- INPUT MATERIAL:

###

(* For every $\varepsilon>0$ there exists $N\in\omega$ such that for every $n\geq N$ there is a set $A\subseteq 2^n$ with $\frac{|A|}{2^n}<\varepsilon$ having the following property: for every $u\subseteq n$ with $\frac{n}{4}\leq |u|\leq \frac{3n}{4}$, and all $B_0\subseteq 2^u$ and $B_1\subseteq 2^{n\setminus u}$ with $\frac{|B_0|}{2^{|u|}}\geq \frac12$ and $\frac{|B_1|}{2^{|n\setminus u|}}\geq\frac12$, we have $(B_0\times B_1)\cap A\neq\emptyset$.
   Context: Here $n=\{0,1,\dots,n-1\}$ and $2^a$ denotes the set of functions from $a$ to $\{0,1\}$. The product $B_0\times B_1$ is identified with the set of $s\in 2^n$ such that $s\restriction u\in B_0$ and $s\restriction (n\setminus u)\in B_1$. *)

theory Defs
  imports Complex_Main "HOL-Library.FuncSet"
begin

text \<open>The set 2^a of functions from a to {0,1}, represented as extensional
  functions a \<rightarrow> bool (undefined outside a).\<close>
definition cube :: "nat set \<Rightarrow> (nat \<Rightarrow> bool) set" where
  "cube a = (a \<rightarrow>\<^sub>E (UNIV :: bool set))"

text \<open>B0 \<times> B1 as a subset of 2^n, for u \<subseteq> n.\<close>
definition box_prod :: "nat \<Rightarrow> nat set \<Rightarrow> (nat \<Rightarrow> bool) set \<Rightarrow> (nat \<Rightarrow> bool) set \<Rightarrow> (nat \<Rightarrow> bool) set" where
  "box_prod n u B0 B1 = {s \<in> cube {..<n}. restrict s u \<in> B0 \<and> restrict s ({..<n} - u) \<in> B1}"

end

theory Submission
  imports Defs "HOL-Real_Asymp.Real_Asymp"
begin

(* Probabilistic method, with probabilities realised by counting tuples of points.
  A balanced box B0 \<times> B1 has density at least 1/4 in 2^n, so m points chosen independently
  and uniformly all miss it with probability at most (3/4)^m.  Since |u| and n - |u| are at most
  3n/4, there are at most 2^n * 2^(2 * 2^(3n/4)) balanced boxes.  For m = 2^(n-k) their number
  times (3/4)^m is below 1 once n is large, so some m points hit every balanced box, and the set
  of these points has density at most 2^-k. *)

lemma exists_small_hitting_set:
  fixes X :: "'a set" and \<F> :: "'a set set" and \<delta> :: real
  assumes X: "finite X" "X \<noteq> {}" and \<F>: "\<F> \<subseteq> Pow X"
    and dense: "\<And>Q. Q \<in> \<F> \<Longrightarrow> \<delta> * card X \<le> card Q"
    and few: "card \<F> * (1 - \<delta>) ^ m < 1"
  shows "\<exists>A \<subseteq> X. card A \<le> m \<and> (\<forall>Q\<in>\<F>. Q \<inter> A \<noteq> {})"
proof -
  define tuples where "tuples = {..<m} \<rightarrow>\<^sub>E X"
  define misses where "misses Q = {..<m} \<rightarrow>\<^sub>E (X - Q)" for Q
  have fin\<F>: "finite \<F>" using finite_subset [OF \<F>] X(1) by simp
  have card_misses: "real (card (misses Q)) \<le> (1 - \<delta>) ^ m * card X ^ m" if "Q \<in> \<F>" for Q
  proof -
    have "Q \<subseteq> X" using that \<F> by blast
    then have "real (card (X - Q)) = real (card X) - real (card Q)"
      using X(1) by (simp add: card_Diff_subset finite_subset card_mono of_nat_diff)
    then have "real (card (X - Q)) \<le> (1 - \<delta>) * card X"
      using dense [OF that] unfolding left_diff_distrib by linarith
    then show ?thesis
      by (simp add: misses_def card_PiE power_mono flip: power_mult_distrib)
  qed
  have "real (card (\<Union>Q\<in>\<F>. misses Q)) \<le> (\<Sum>Q\<in>\<F>. real (card (misses Q)))"
    using card_UN_le [OF fin\<F>, of misses] by (simp flip: of_nat_sum)
  also have "\<dots> \<le> (\<Sum>Q\<in>\<F>. (1 - \<delta>) ^ m * card X ^ m)"
    by (rule sum_mono) (rule card_misses)
  also have "\<dots> = card \<F> * (1 - \<delta>) ^ m * card X ^ m"
    by simp
  also have "\<dots> < card X ^ m"
    using few X by (simp add: card_gt_0_iff)
  also have "\<dots> = card tuples"
    by (simp add: tuples_def card_PiE)
  finally have "card (\<Union>Q\<in>\<F>. misses Q) < card tuples"
    by linarith
  moreover have "finite (\<Union>Q\<in>\<F>. misses Q)"
    using fin\<F> X by (simp add: misses_def finite_PiE)
  ultimately have "\<not> tuples \<subseteq> (\<Union>Q\<in>\<F>. misses Q)"
    by (meson card_mono leD)
  then obtain t where t: "t \<in> tuples" "\<And>Q. Q \<in> \<F> \<Longrightarrow> t \<notin> misses Q"
    by blast
  show ?thesis
  proof (intro exI conjI ballI)
    show "t ` {..<m} \<subseteq> X" "card (t ` {..<m}) \<le> m"
      using t(1) card_image_le [of "{..<m}" t] by (auto simp: tuples_def)
    show "Q \<inter> t ` {..<m} \<noteq> {}" if "Q \<in> \<F>" for Q
      using t that by (auto simp: tuples_def misses_def PiE_def Pi_def)
  qed
qed

lemma two_pow_le_two_powr: "real a \<le> x \<Longrightarrow> (2::real) ^ a \<le> 2 powr x"
  by (metis powr_realpow powr_mono one_le_numeral zero_less_numeral)

lemma two_powr_mult_three_quarters_pow_lt_one:
  fixes t :: real
  assumes "0 \<le> t" "3 * t < real m"
  shows "2 powr t * (3/4) ^ m < 1"
proof -
  have "(3/4::real) ^ m = (3/4) powr real m"
    by (simp add: powr_realpow)
  also have "\<dots> < (3/4) powr (3 * t)"
    using assms(2) by (intro powr_less_mono') auto
  also have "\<dots> = (27/64) powr t"
    unfolding powr_powr [symmetric] by (simp add: powr_numeral power_divide)
  finally have "2 powr t * (3/4::real) ^ m < 2 powr t * (27/64) powr t"
    by simp
  also have "\<dots> = (27/32) powr t"
    by (simp flip: powr_mult)
  also have "\<dots> \<le> 1"
    using assms(1) by (intro powr_le1) auto
  finally show ?thesis .
qed

lemma eventually_linear_plus_double_exp_lt_two_pow:
  fixes c :: real
  assumes "c > 0"
  shows "eventually (\<lambda>n. c * (real n + 2 * 2 powr (3/4 * real n)) < 2 ^ n) sequentially"
proof -
  have "(\<lambda>n. (real n + 2 * 2 powr (3/4 * real n)) / 2 powr real n) \<longlonglongrightarrow> 0"
    by real_asymp
  from order_tendstoD(2) [OF this, of "1 / c"]
  have "eventually (\<lambda>n. (real n + 2 * 2 powr (3/4 * real n)) / 2 powr real n < 1 / c) sequentially"
    using assms by simp
  then show ?thesis
    by eventually_elim (use assms in \<open>simp add: powr_realpow field_simps\<close>)
qed

lemma finite_cube: "finite a \<Longrightarrow> finite (cube a)"
  by (simp add: cube_def finite_PiE)

lemma card_cube: "finite a \<Longrightarrow> card (cube a) = 2 ^ card a"
  by (simp add: cube_def card_PiE)

lemma card_box_prod:
  assumes u: "u \<subseteq> {..<n}" and B0: "B0 \<subseteq> cube u" and B1: "B1 \<subseteq> cube ({..<n} - u)"
  shows "card (box_prod n u B0 B1) = card B0 * card B1"
proof -
  define merge where "merge = (\<lambda>(a, b) i. if i \<in> u then a i else (b i :: bool))"
  have restrict_merge: "restrict (merge (a, b)) u = a" "restrict (merge (a, b)) ({..<n} - u) = b"
    if "a \<in> B0" "b \<in> B1" for a b
    using that B0 B1 by (auto simp: merge_def cube_def PiE_def extensional_def fun_eq_iff)
  have "box_prod n u B0 B1 = merge ` (B0 \<times> B1)"
  proof (intro equalityI subsetI)
    fix s assume s: "s \<in> box_prod n u B0 B1"
    then have "s = merge (restrict s u, restrict s ({..<n} - u))"
      by (auto simp: box_prod_def cube_def merge_def PiE_def extensional_def fun_eq_iff)
    with s show "s \<in> merge ` (B0 \<times> B1)" by (auto simp: box_prod_def)
  next
    fix s assume "s \<in> merge ` (B0 \<times> B1)"
    then obtain a b where ab: "a \<in> B0" "b \<in> B1" "s = merge (a, b)" by auto
    then have "s \<in> cube {..<n}"
      using u B0 B1 by (auto simp: merge_def cube_def PiE_def extensional_def)
    with ab restrict_merge show "s \<in> box_prod n u B0 B1" by (simp add: box_prod_def)
  qed
  moreover have "inj_on merge (B0 \<times> B1)"
    by (rule inj_onI) (metis SigmaE restrict_merge)
  ultimately show ?thesis by (simp add: card_image card_cartesian_product)
qed

definition balanced_boxes :: "nat \<Rightarrow> (nat \<Rightarrow> bool) set set" where
  "balanced_boxes n = {box_prod n u B0 B1 | u B0 B1.
     u \<subseteq> {..<n} \<and> real n / 4 \<le> real (card u) \<and> real (card u) \<le> 3 * real n / 4 \<and>
     B0 \<subseteq> cube u \<and> B1 \<subseteq> cube ({..<n} - u) \<and>
     real (card B0) / 2 ^ card u \<ge> 1/2 \<and> real (card B1) / 2 ^ card ({..<n} - u) \<ge> 1/2}"

lemma box_prod_mem_balanced_boxes:
  assumes "u \<subseteq> {..<n}" "real n / 4 \<le> real (card u)" "real (card u) \<le> 3 * real n / 4"
    "B0 \<subseteq> cube u" "B1 \<subseteq> cube ({..<n} - u)"
    "real (card B0) / 2 ^ card u \<ge> 1/2" "real (card B1) / 2 ^ card ({..<n} - u) \<ge> 1/2"
  shows "box_prod n u B0 B1 \<in> balanced_boxes n"
  using assms unfolding balanced_boxes_def by blast

lemma balanced_boxes_subset_cube: "balanced_boxes n \<subseteq> Pow (cube {..<n})"
  by (auto simp: balanced_boxes_def box_prod_def)

lemma card_balanced_box_ge:
  assumes "Q \<in> balanced_boxes n"
  shows "1/4 * 2 ^ n \<le> real (card Q)"
proof -
  obtain u B0 B1 where Q: "Q = box_prod n u B0 B1" and u: "u \<subseteq> {..<n}"
    and B: "B0 \<subseteq> cube u" "B1 \<subseteq> cube ({..<n} - u)"
    and dense: "2 ^ card u \<le> 2 * real (card B0)" "2 ^ card ({..<n} - u) \<le> 2 * real (card B1)"
    using assms by (auto simp: balanced_boxes_def field_simps)
  have "card u \<le> n" using card_mono[OF _ u] by simp
  then have "(2::real) ^ n = 2 ^ card u * 2 ^ card ({..<n} - u)"
    using u by (simp add: card_Diff_subset finite_subset flip: power_add)
  also have "\<dots> \<le> (2 * real (card B0)) * (2 * real (card B1))"
    using dense by (intro mult_mono) auto
  also have "\<dots> = 4 * real (card Q)"
    using card_box_prod[OF u B] by (simp add: Q)
  finally show ?thesis by simp
qed

lemma card_Pow_cube_times_Pow_cube_le:
  assumes "finite u" "finite v" "real (card u) \<le> x" "real (card v) \<le> x"
  shows "real (card (Pow (cube u) \<times> Pow (cube v))) \<le> 2 powr (2 * 2 powr x)"
proof -
  have "real (2 ^ card u + 2 ^ card v :: nat) \<le> 2 * 2 powr x"
    using add_mono [OF two_pow_le_two_powr [OF assms(3)] two_pow_le_two_powr [OF assms(4)]]
    by simp
  then have "(2::real) ^ (2 ^ card u + 2 ^ card v) \<le> 2 powr (2 * 2 powr x)"
    by (rule two_pow_le_two_powr)
  then show ?thesis
    using assms(1,2) by (simp add: card_cartesian_product card_Pow finite_cube card_cube power_add)
qed

lemma card_balanced_boxes_le:
  "real (card (balanced_boxes n)) \<le> 2 powr (real n + 2 * 2 powr (3/4 * real n))"
proof -
  define U where "U = {u. u \<subseteq> {..<n} \<and> real (card u) \<le> 3/4 * real n \<and>
                          real (card ({..<n} - u)) \<le> 3/4 * real n}"
  define choices where "choices = (SIGMA u:U. Pow (cube u) \<times> Pow (cube ({..<n} - u)))"
  have finU: "finite U" by (auto simp: U_def)
  have fin_choices: "finite choices"
    unfolding choices_def using finU
    by (intro finite_SigmaI) (auto simp: U_def intro!: finite_cube intro: finite_subset)
  have "balanced_boxes n \<subseteq> (\<lambda>(u, B0, B1). box_prod n u B0 B1) ` choices"
  proof
    fix Q assume "Q \<in> balanced_boxes n"
    then obtain u B0 B1 where "Q = box_prod n u B0 B1" "u \<subseteq> {..<n}"
      "real n / 4 \<le> real (card u)" "real (card u) \<le> 3 * real n / 4"
      "B0 \<subseteq> cube u" "B1 \<subseteq> cube ({..<n} - u)"
      by (auto simp: balanced_boxes_def)
    moreover from this have "real (card ({..<n} - u)) \<le> 3/4 * real n"
      by (simp add: card_Diff_subset finite_subset of_nat_diff card_mono)
    ultimately show "Q \<in> (\<lambda>(u, B0, B1). box_prod n u B0 B1) ` choices"
      by (force simp: choices_def U_def)
  qed
  then have "card (balanced_boxes n) \<le> card choices"
    using fin_choices by (meson card_image_le card_mono finite_imageI order_trans)
  also have "card choices = (\<Sum>u\<in>U. card (Pow (cube u) \<times> Pow (cube ({..<n} - u))))"
    unfolding choices_def using finU
    by (intro card_SigmaI) (auto simp: U_def intro!: finite_cube intro: finite_subset)
  finally have "real (card (balanced_boxes n))
      \<le> (\<Sum>u\<in>U. real (card (Pow (cube u) \<times> Pow (cube ({..<n} - u)))))"
    by (simp flip: of_nat_sum)
  also have "\<dots> \<le> (\<Sum>u\<in>U. 2 powr (2 * 2 powr (3/4 * real n)))"
  proof (rule sum_mono)
    fix u assume "u \<in> U"
    then show "real (card (Pow (cube u) \<times> Pow (cube ({..<n} - u))))
        \<le> 2 powr (2 * 2 powr (3/4 * real n))"
      by (intro card_Pow_cube_times_Pow_cube_le) (auto simp: U_def intro: finite_subset)
  qed
  also have "\<dots> = real (card U) * 2 powr (2 * 2 powr (3/4 * real n))"
    by simp
  also have "\<dots> \<le> 2 ^ n * 2 powr (2 * 2 powr (3/4 * real n))"
  proof -
    have "card U \<le> card (Pow {..<n})" by (rule card_mono) (auto simp: U_def)
    then show ?thesis by (simp add: card_Pow)
  qed
  also have "\<dots> = 2 powr (real n + 2 * 2 powr (3/4 * real n))"
    by (simp add: powr_add powr_realpow)
  finally show ?thesis .
qed

lemma exists_sparse_set_hitting_balanced_boxes:
  assumes "k \<le> n" and large: "3 * 2 ^ k * (real n + 2 * 2 powr (3/4 * real n)) < 2 ^ n"
  shows "\<exists>A \<subseteq> cube {..<n}. real (card A) / 2 ^ n \<le> 1 / 2 ^ k \<and>
           (\<forall>Q\<in>balanced_boxes n. Q \<inter> A \<noteq> {})"
proof -
  define t where "t = real n + 2 * 2 powr (3/4 * real n)"
  define m :: nat where "m = 2 ^ (n - k)"
  have m: "real m = 2 ^ n / 2 ^ k"
    using \<open>k \<le> n\<close> by (simp add: m_def field_simps flip: power_add)
  have "real (card (balanced_boxes n)) * (1 - 1/4) ^ m \<le> 2 powr t * (3/4) ^ m"
    using card_balanced_boxes_le [of n] by (simp add: t_def mult_right_mono)
  also have "\<dots> < 1"
    using large
    by (intro two_powr_mult_three_quarters_pow_lt_one) (simp_all add: t_def m field_simps)
  finally have few: "real (card (balanced_boxes n)) * (1 - 1/4) ^ m < 1" .
  have "cube {..<n} \<noteq> {}"
    using card_cube [of "{..<n}"] by force
  moreover have "1/4 * real (card (cube {..<n})) \<le> real (card Q)" if "Q \<in> balanced_boxes n" for Q
    using card_balanced_box_ge [OF that] by (simp add: card_cube)
  ultimately obtain A where A: "A \<subseteq> cube {..<n}" "card A \<le> m"
      "\<forall>Q\<in>balanced_boxes n. Q \<inter> A \<noteq> {}"
    using exists_small_hitting_set [OF finite_cube _ balanced_boxes_subset_cube _ few] by blast
  moreover have "real (card A) / 2 ^ n \<le> 1 / 2 ^ k"
  proof -
    have "real (card A) \<le> 2 ^ n / 2 ^ k"
      using of_nat_mono [OF A(2)] m by simp
    then show ?thesis by (simp add: field_simps)
  qed
  ultimately show ?thesis by blast
qed

theorem mainTheorem1:
  fixes \<epsilon> :: real
  assumes "\<epsilon> > 0"
  shows "\<exists>N::nat. \<forall>n\<ge>N. \<exists>A \<subseteq> cube {..<n}.
           real (card A) / 2 ^ n < \<epsilon> \<and>
           (\<forall>u \<subseteq> {..<n}. real n / 4 \<le> real (card u) \<and> real (card u) \<le> 3 * real n / 4 \<longrightarrow>
              (\<forall>B0 \<subseteq> cube u. \<forall>B1 \<subseteq> cube ({..<n} - u).
                 real (card B0) / 2 ^ card u \<ge> 1/2 \<and> real (card B1) / 2 ^ card ({..<n} - u) \<ge> 1/2 \<longrightarrow>
                 box_prod n u B0 B1 \<inter> A \<noteq> {}))"
proof -
  obtain k :: nat where k: "1 / 2 ^ k < \<epsilon>"
    using real_arch_pow_inv [of \<epsilon> "1/2"] assms by (auto simp: power_one_over)
  obtain N
    where N: "\<And>n. n \<ge> N \<Longrightarrow> 3 * 2 ^ k * (real n + 2 * 2 powr (3/4 * real n)) < 2 ^ n"
    using eventually_linear_plus_double_exp_lt_two_pow [of "3 * 2 ^ k"]
    by (auto simp: eventually_sequentially)
  have "\<exists>A \<subseteq> cube {..<n}. real (card A) / 2 ^ n < \<epsilon> \<and>
           (\<forall>Q\<in>balanced_boxes n. Q \<inter> A \<noteq> {})" if n: "max N k \<le> n" for n
  proof -
    obtain A where A: "A \<subseteq> cube {..<n}" "real (card A) / 2 ^ n \<le> 1 / 2 ^ k"
      "\<forall>Q\<in>balanced_boxes n. Q \<inter> A \<noteq> {}"
      using exists_sparse_set_hitting_balanced_boxes [of k n] N [of n] n by auto
    with k show ?thesis
      by (intro exI [of _ A]) auto
  qed
  then show ?thesis
    using box_prod_mem_balanced_boxes by (intro exI [of _ "max N k"] allI impI) meson
qed

end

###

- TASK INSTRUCTIONS: Reproduce each line from the data that has "rule" in it.

- RESULT OF THIS EXERCISE:
    by (rule sum_mono) (rule card_misses)
    by (rule inj_onI) (metis SigmaE restrict_merge)
    by (rule two_pow_le_two_powr)
  proof (rule sum_mono)
    have "card U \<le> card (Pow {..<n})" by (rule card_mono) (auto simp: U_def)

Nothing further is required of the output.